By Dennis Palumbo
From the pages of medical journals to feature stories on the network news, there's been a swell of media coverage the past few years concerning "the teenage brain."
Despite sounding like the title of Hollywood's latest horror-movie blockbuster, the phrase actually refers to recent neurological research on adolescent brain chemistry. To the surprise of practically no one not wearing a lab coat, it's finally been demonstrated scientifically that the teenage brain is different from that of a mature adult.
According to the data, these differences explain the average teen's inclination to stay up late, sleep until noon, and exhibit extreme mood swings (for example, from sullen and defiant to really sullen and defiant). Some researchers have even blamed these brain differences for the adolescent's devotion to high-decibel music, insistence on low-decibel mumbling, and willingness to stand in line for hours to see the midnight showing of Watchmen.
As soon as these results made national headlines, the usual social pundits weighed in: this new research, they claimed, clearly suggested that we should ban teen driving and even raise the voting age. After all, we now had proof positive that today's teens are simply too erratic to be entrusted with such responsibilities.
This may be. But what about the mid-life brain? Perhaps the next time we embark on exhaustive, heavily-funded research into what's inside the human skull, we should focus our efforts on the average middle-aged person. Because if my friends and I are at all representative, I'd argue that whatever's going on in our collective brains is equally suspect.
Though not without good reason. We're in the middle of an economic melt-down, deluged with more-bad-news-updates constantly by the media. Not to mention the Middle East crisis, global warming, and daily bulletins about the life and travails of the OctoMom. Most adults I know are over-worked, over-stressed and generally overwhelmed by their ongoing struggles with careers, child-rearing, and relationships. They're forgetful, obsessed with their health (popping pills to an extent no teenager would even contemplate), envious of their neighbors and always---always---sleep-deprived.
Frankly, even on a good day, our brains are nothing to write home about. It's everything we can do to keep our complicated, must-have Starbucks coffee orders straight in our heads.

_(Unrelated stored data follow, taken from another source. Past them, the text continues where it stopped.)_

lemma exists_psubset_trace:
  fixes A L :: "'a set" and B :: "'a set set"
  assumes fin: "finite (A - L)" and small: "card (A - L) \<le> l"
    and many: "2 ^ l \<le> card B" and psub: "\<forall>X\<in>B. X \<subset> A"
  shows "\<exists>X\<in>B. X \<inter> L \<subset> A \<inter> L"
proof (rule ccontr)
  assume "\<not> ?thesis"
  with psub have same_trace: "X \<inter> L = A \<inter> L" if "X \<in> B" for X
    using that by blast
  \<comment> \<open>members of \<open>B\<close> are then determined by their parts outside \<open>L\<close>\<close>
  have "inj_on (\<lambda>X. X - L) B"
  proof (rule inj_onI)
    fix X Y assume "X \<in> B" "Y \<in> B" "X - L = Y - L"
    then show "X = Y" using same_trace[of X] same_trace[of Y] by (metis Int_Diff_Un)
  qed
  moreover have "(\<lambda>X. X - L) ` B \<subseteq> Pow (A - L) - {A - L}"
    using psub same_trace by (fastforce simp: Int_Diff_Un)
  ultimately have "card B \<le> card (Pow (A - L) - {A - L})"
    using fin by (intro card_inj_on_le) auto
  also have "\<dots> = 2 ^ card (A - L) - 1"
    using fin by (simp add: card_Pow)
  also have "\<dots> < 2 ^ l"
  proof -
    have "(2::nat) ^ card (A - L) \<le> 2 ^ l"
      using small by (simp add: power_increasing)
    moreover have "(0::nat) < 2 ^ card (A - L)" by simp
    ultimately show ?thesis by linarith
  qed
  finally show False using many by simp
qed

lemma tree_chain:
  fixes i :: "nat list \<Rightarrow> nat set"
  assumes emb: "embeds_poset i (tree_vertices h (2 ^ l)) tree_le F"
    and small: "\<forall>A\<in>F. finite (A - L) \<and> card (A - L) \<le> l"
  shows "w \<in> tree_vertices h (2 ^ l) \<Longrightarrow> length w + d < h \<Longrightarrow>
           \<exists>C. chain_of (trace F L) (Suc d) C \<and> C d = i w \<inter> L"
proof (induction d arbitrary: w)
  case 0
  then have "i w \<inter> L \<in> trace F L"
    using emb unfolding embeds_poset_def trace_def by blast
  then show ?case by (intro exI[of _ "\<lambda>_. i w \<inter> L"]) (simp add: chain_of_def)
next
  case (Suc d)
  let ?V = "tree_vertices h (2 ^ l)"
  have child: "w @ [j] \<in> ?V" if "j < 2 ^ l" for j
    using Suc.prems that unfolding tree_vertices_def by auto
  have "i w \<in> F" using emb Suc.prems(1) unfolding embeds_poset_def by blast
  with small have fin: "finite (i w - L)" and few: "card (i w - L) \<le> l" by auto
  have "inj_on (\<lambda>j. i (w @ [j])) {..<2 ^ l}"
    using emb child unfolding embeds_poset_def by (auto intro!: inj_onI dest: inj_onD)
  then have many: "2 ^ l \<le> card ((\<lambda>j. i (w @ [j])) ` {..<2 ^ l})"
    by (simp add: card_image)
  have "i (w @ [j]) \<subset> i w" if "j < 2 ^ l" for j
  proof
    show "i (w @ [j]) \<subseteq> i w"
      using emb child[OF that] Suc.prems(1) unfolding embeds_poset_def tree_le_def by simp
    show "i (w @ [j]) \<noteq> i w"
      using emb child[OF that] Suc.prems(1) unfolding embeds_poset_def
      by (metis inj_on_contraD append_self_conv list.simps(3))
  qed
  then obtain j where j: "j < 2 ^ l" and shrink: "i (w @ [j]) \<inter> L \<subset> i w \<inter> L"
    using exists_psubset_trace[OF fin few many] by blast
  obtain C where C: "chain_of (trace F L) (Suc d) C" and top: "C d = i (w @ [j]) \<inter> L"
    using Suc.IH[OF child[OF j]] Suc.prems(2) by auto
  define D where "D t = (if t = 0 then i (w @ [j]) \<inter> L else i w \<inter> L)" for t :: nat
  have "i (w @ [j]) \<in> F" "i w \<in> F"
    using emb child[OF j] Suc.prems(1) unfolding embeds_poset_def by blast+
  then have "chain_of (trace F L) (Suc 1) D"
    using shrink unfolding chain_of_def D_def trace_def by (auto simp: less_Suc_eq)
  from chain_of_append[OF C this] top
  have "chain_of (trace F L) (Suc (Suc d)) (\<lambda>t. if t \<le> d then C t else D (t - d))"
    by (simp add: D_def)
  then show ?case by (intro exI[of _ "\<lambda>t. if t \<le> d then C t else D (t - d)"]) (simp add: D_def)
qed

lemma tree_root_chain:
  fixes i :: "nat list \<Rightarrow> nat set"
  assumes "embeds_poset i (tree_vertices (Suc h) (2 ^ l)) tree_le F"
    and "\<forall>A\<in>F. finite (A - L) \<and> card (A - L) \<le> l"
  shows "\<exists>C. chain_of (trace F L) (Suc h) C \<and> C h = i [] \<inter> L"
  using tree_chain[OF assms, of "[]" h] by (simp add: tree_vertices_def)

definition tree_roots :: "nat set set \<Rightarrow> nat \<Rightarrow> nat \<Rightarrow> nat set set"
  where "tree_roots F h c = {i [] | i. embeds_poset i (tree_vertices h c) tree_le F}"

lemma root_in_tree_vertices: "0 < h \<Longrightarrow> [] \<in> tree_vertices h c"
  unfolding tree_vertices_def by simp

lemma tree_roots_subset: "0 < h \<Longrightarrow> tree_roots F h c \<subseteq> F"
  unfolding tree_roots_def embeds_poset_def
  using root_in_tree_vertices by (auto simp: image_subset_iff)

lemma not_contains_tree_Diff_tree_roots:
  assumes "0 < h"
  shows "\<not> contains_poset (F - tree_roots F h c) (tree_vertices h c) tree_le"
proof
  assume "contains_poset (F - tree_roots F h c) (tree_vertices h c) tree_le"
  then obtain i where i: "embeds_poset i (tree_vertices h c) tree_le (F - tree_roots F h c)"
    unfolding contains_poset_iff_embeds by blast
  then have "embeds_poset i (tree_vertices h c) tree_le F"
    unfolding embeds_poset_def by blast
  then have "i [] \<in> tree_roots F h c"
    unfolding tree_roots_def by auto
  moreover have "i ` tree_vertices h c \<subseteq> F - tree_roots F h c"
    using i unfolding embeds_poset_def by simp
  ultimately show False
    using root_in_tree_vertices[OF assms] by (simp add: image_subset_iff)
qed

lemma trace_mono: "F \<subseteq> G \<Longrightarrow> trace F L \<subseteq> trace G L"
  unfolding trace_def by blast

lemma trace_Sperner_tree_roots:
  assumes F: "F \<subseteq> Pow {1..n}" and sperner: "trace_Sperner n (n - l) k F" and "l \<le> k"
  shows "trace_Sperner n (n - l) l (tree_roots F (k - l + 1) (2 ^ l))"
  unfolding trace_Sperner_def k_Sperner_def has_chain_iff_chain_of
proof (intro allI impI notI)
  let ?R = "tree_roots F (k - l + 1) (2 ^ l)"
  fix L assume L: "L \<subseteq> {1..n} \<and> card L = n - l"
  assume "\<exists>A. chain_of (trace ?R L) (Suc l) A"
  then obtain A where A: "chain_of (trace ?R L) (Suc l) A" by blast
  then have "A 0 \<in> trace ?R L" unfolding chain_of_def by simp
  then obtain i where i: "embeds_poset i (tree_vertices (Suc (k - l)) (2 ^ l)) tree_le F"
    and bottom: "A 0 = i [] \<inter> L"
    unfolding trace_def tree_roots_def by auto
  have "card ({1..n} - L) \<le> l"
    using L card_Diff_subset[of L "{1..n}"] finite_subset[of L "{1..n}"] by simp
  moreover have "B - L \<subseteq> {1..n} - L" if "B \<in> F" for B
    using F that by blast
  ultimately have small: "\<forall>B\<in>F. finite (B - L) \<and> card (B - L) \<le> l"
    by (meson card_mono finite_Diff finite_atLeastAtMost finite_subset le_trans)
  obtain C where C: "chain_of (trace F L) (Suc (k - l)) C" and top: "C (k - l) = i [] \<inter> L"
    using tree_root_chain[OF i small] by blast
  have "chain_of (trace F L) (Suc l) A"
    using chain_of_mono[OF A trace_mono[OF tree_roots_subset]] by simp
  from chain_of_append[OF C this] top bottom
  have "has_chain (trace F L) (Suc k)"
    unfolding has_chain_iff_chain_of using \<open>l \<le> k\<close> by auto
  moreover have "k_Sperner k (trace F L)"
    using sperner L unfolding trace_Sperner_def by blast
  ultimately show False unfolding k_Sperner_def by blast
qed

I think it's too easy to blame all this on brain chemistry. The truth is, life is hard, no matter how old you are. Whether you're worried about making the track team or paying the mortgage; about fitting in with the cool kids or impressing your new boss, it's all about trying to cope.
Granted, your average teen's coping mechanisms rarely extend beyond junk food and video games.

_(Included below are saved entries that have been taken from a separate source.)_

lemma shift_integral_strict_mono:
  assumes "\<kappa>1 < \<kappa>2" "shift_integral \<kappa>1 \<noteq> 0"
  shows "shift_integral \<kappa>1 < shift_integral \<kappa>2"
proof (rule ccontr)
  let ?\<phi> = "\<lambda>\<kappa> x. max (g x + \<kappa>) 0 powr p"
  assume "\<not> ?thesis"
  then have "(LINT x:D|M. ?\<phi> \<kappa>2 x - ?\<phi> \<kappa>1 x) = 0"
    using shift_integral_mono[of \<kappa>1 \<kappa>2] assms(1)
    by (simp add: set_integral_diff(2)[OF set_integrable_shift set_integrable_shift] shift_integral_def)
  moreover have "integrable M (\<lambda>x. indicator D x * (?\<phi> \<kappa>2 x - ?\<phi> \<kappa>1 x))"
    using set_integral_diff(1)[OF set_integrable_shift set_integrable_shift]
    by (simp add: set_integrable_def)
  moreover have "AE x in M. 0 \<le> indicator D x * (?\<phi> \<kappa>2 x - ?\<phi> \<kappa>1 x)"
    using assms(1) p_pos by (intro AE_I2) (auto simp: indicator_def intro!: powr_mono2)
  ultimately have "AE x in M. indicator D x * (?\<phi> \<kappa>2 x - ?\<phi> \<kappa>1 x) = 0"
    by (simp add: integral_nonneg_eq_0_iff_AE set_lebesgue_integral_def)
  then have "AE x in M. x \<in> D \<longrightarrow> ?\<phi> \<kappa>1 x = 0"
  proof eventually_elim
    case (elim x)
    show ?case
    proof
      assume "x \<in> D"
      then have "?\<phi> \<kappa>1 x = ?\<phi> \<kappa>2 x"
        using elim by simp
      then show "?\<phi> \<kappa>1 x = 0"
        using assms(1) p_pos powr_less_mono2[of p "g x + \<kappa>1" "g x + \<kappa>2"]
        by (cases "g x + \<kappa>1 > 0") auto
    qed
  qed
  then have "shift_integral \<kappa>1 = (LINT x:D|M. 0)"
    unfolding shift_integral_def by (intro set_lebesgue_integral_cong_AE) auto
  with assms(2) show False by simp
qed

But are adults' choices any better? Addicted to Internet porn, Gray's Anatomy, Tom Clancy novels and golf. Fretting over who just got voted off Dancing with the Stars. Running from yoga class to a "Parents Without Partners" meeting to the latest Donald Trump get-rich-quick seminar.

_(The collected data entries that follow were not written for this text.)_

(* Let $(P,\le,A_1\ldots A_k)$ be a regular poset of width $w$ with node tree $(\mathcal{N},\prec)$. Suppose $\mathcal{F}\subseteq\mathcal{N}$ is ancestor-free and for every node $(X,Y,<)\in\mathcal{F}$ a perfect matching $M(X,Y,<)$ of the bipartite graph $(X,Y,<)$ is fixed. Let $F=\bigcup_{(X,Y,<)\in\mathcal{F}}(X\cup Y)$. Then there is a partition of $(F,\le)$ into $w$ chains such that for every node $(X,Y,<)\in\mathcal{F}$ and every edge $(a<b)$ of $M(X,Y,<)$, the elements $a$ and $b$ lie in the same chain of this partition.
   Context: Let $(P,\le)$ be a finite poset of width $w$. For $A\subseteq P$ let $A{\uparrow}=\{y: x\le y\text{ for some }x\in A\}$, $A{\downarrow}=\{y: y\le x\text{ for some }x\in A\}$. For maximal antichains $A,B$ write $A\sqsubseteq B$ if $A\subseteq B{\downarrow}$, and $A\sqsubset B$ if also $A\ne B$. For disjoint antichains $A\sqsubset B$, $(A,B,<)$ is the bipartite graph with classes $A,B$ and edges $(a<b)$ for $a\in A,b\in B$, $a<b$; it is regular if every edge lies in a perfect matching. A regular poset $(P,\le,A_1\ldots A_k)$: $A_1,\dots,A_k$ are maximum antichains partitioning $P$, $(\{A_1,\dots,A_k\},\sqsubseteq)$ is a linear order with minimum $A_1$ and maximum $A_2$, $a<b$ for all $a\in A_1,b\in A_2$, and for every $t\in[2,k]$ and every $A_p\sqsubset A_s$ consecutive in $(\{A_1,\dots,A_t\},\sqsubseteq)$ the graph $(A_p,A_s,<)$ is regular. A node is a bipartite graph $(X,Y,<)$ where, for some such consecutive pair $A_p\sqsubset A_s$ (at some stage $t$), $X\subseteq A_p$, $Y\subseteq A_s$ and $X\cup Y$ is the vertex set of a connected component of $(A_p,A_s,<)$; $\mathrm{Int}(X,Y,<)=X{\uparrow}\cap Y{\downarrow}$. Node tree $(\mathcal{N},\prec)$: $\mathcal{N}$ is the set of all nodes; when for $t\ge3$ the antichain $A_t$ is inserted between $A_p\sqsubset A_s$ consecutive at stage $t-1$, each node $M$ of $(A_p,A_t,<)$ or $(A_t,A_s,<)$ is a child of the unique node $N$ of $(A_p,A_s,<)$ with $\mathrm{Int}(M)\subset\mathrm{Int}(N)$; this is a rooted tree with root $(A_1,A_2,<)$. A set $\mathcal{F}\subseteq\mathcal{N}$ is ancestor-free if no node of $\mathcal{F}$ is a descendant of another node of $\mathcal{F}$. *)

theory Defs
  imports Main
begin

definition poset :: "'a set \<Rightarrow> ('a \<Rightarrow> 'a \<Rightarrow> bool) \<Rightarrow> bool" where
  "poset P leq \<longleftrightarrow>
     (\<forall>x\<in>P. leq x x) \<and>
     (\<forall>x\<in>P. \<forall>y\<in>P. leq x y \<and> leq y x \<longrightarrow> x = y) \<and>
     (\<forall>x\<in>P. \<forall>y\<in>P. \<forall>z\<in>P. leq x y \<and> leq y z \<longrightarrow> leq x z)"

definition lt :: "('a \<Rightarrow> 'a \<Rightarrow> bool) \<Rightarrow> 'a \<Rightarrow> 'a \<Rightarrow> bool" where
  "lt leq a b \<longleftrightarrow> leq a b \<and> a \<noteq> b"

definition antichain :: "'a set \<Rightarrow> ('a \<Rightarrow> 'a \<Rightarrow> bool) \<Rightarrow> 'a set \<Rightarrow> bool" where
  "antichain P leq A \<longleftrightarrow> A \<subseteq> P \<and> (\<forall>x\<in>A. \<forall>y\<in>A. x \<noteq> y \<longrightarrow> \<not> leq x y)"

definition chain :: "'a set \<Rightarrow> ('a \<Rightarrow> 'a \<Rightarrow> bool) \<Rightarrow> 'a set \<Rightarrow> bool" where
  "chain P leq C \<longleftrightarrow> C \<subseteq> P \<and> (\<forall>x\<in>C. \<forall>y\<in>C. leq x y \<or> leq y x)"

definition width :: "'a set \<Rightarrow> ('a \<Rightarrow> 'a \<Rightarrow> bool) \<Rightarrow> nat" where
  "width P leq = Max {card A | A. antichain P leq A}"

definition maximum_antichain :: "'a set \<Rightarrow> ('a \<Rightarrow> 'a \<Rightarrow> bool) \<Rightarrow> 'a set \<Rightarrow> bool" where
  "maximum_antichain P leq A \<longleftrightarrow> antichain P leq A \<and> card A = width P leq"

definition up_set :: "'a set \<Rightarrow> ('a \<Rightarrow> 'a \<Rightarrow> bool) \<Rightarrow> 'a set \<Rightarrow> 'a set" where
  "up_set P leq A = {y\<in>P. \<exists>x\<in>A. leq x y}"

definition down_set :: "'a set \<Rightarrow> ('a \<Rightarrow> 'a \<Rightarrow> bool) \<Rightarrow> 'a set \<Rightarrow> 'a set" where
  "down_set P leq A = {y\<in>P. \<exists>x\<in>A. leq y x}"

definition sqle :: "'a set \<Rightarrow> ('a \<Rightarrow> 'a \<Rightarrow> bool) \<Rightarrow> 'a set \<Rightarrow> 'a set \<Rightarrow> bool" where
  "sqle P leq A B \<longleftrightarrow> A \<subseteq> down_set P leq B"

definition sqlt :: "'a set \<Rightarrow> ('a \<Rightarrow> 'a \<Rightarrow> bool) \<Rightarrow> 'a set \<Rightarrow> 'a set \<Rightarrow> bool" where
  "sqlt P leq A B \<longleftrightarrow> sqle P leq A B \<and> A \<noteq> B"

And, amidst all this, compulsively checking e-mails and sending text messages on their cellphones (while nursing fantasies of winning the Lottery or running off to Tahiti with the office manager).
Let's face it, teens have just two basic goals: having sex and getting into a good college. Both pretty laudable and straightforward aims, especially when compared with the confusing and relentless demands of contemporary life with which adults have to contend. It's no wonder, then, that at the end of a hard day, most adults just want to collapse on the sofa and channel-surf.
Sartre once said that the state of man is incomprehension and rage. Okay, maybe he was a bit of a Gloomy Gus. But isn't the bewilderment and struggle to which he alludes true at times for all of us, particularly at certain crucial stages in our life?
As a psychotherapist, I see daily the unfortunate consequences of assigning a diagnostic label to practically every kind of behavior under the sun. Instead, we need to remember that people are too complex to fit neatly into categories.
And that includes teenage people.
In fact, before we start debating whether teens should be allowed to drive and vote, we'd better be able to defend letting us adults do so. It's not as if our record in either of these endeavors is anything to brag about. (Okay, we got one right with Obama, but still...)
My point is, I think we should give kids a break. They're not responsible for the way their brains develop, any more than they are for the world in which they have to grow up.
If anything, the latter is a result of brains much older, and supposedly wiser, than theirs.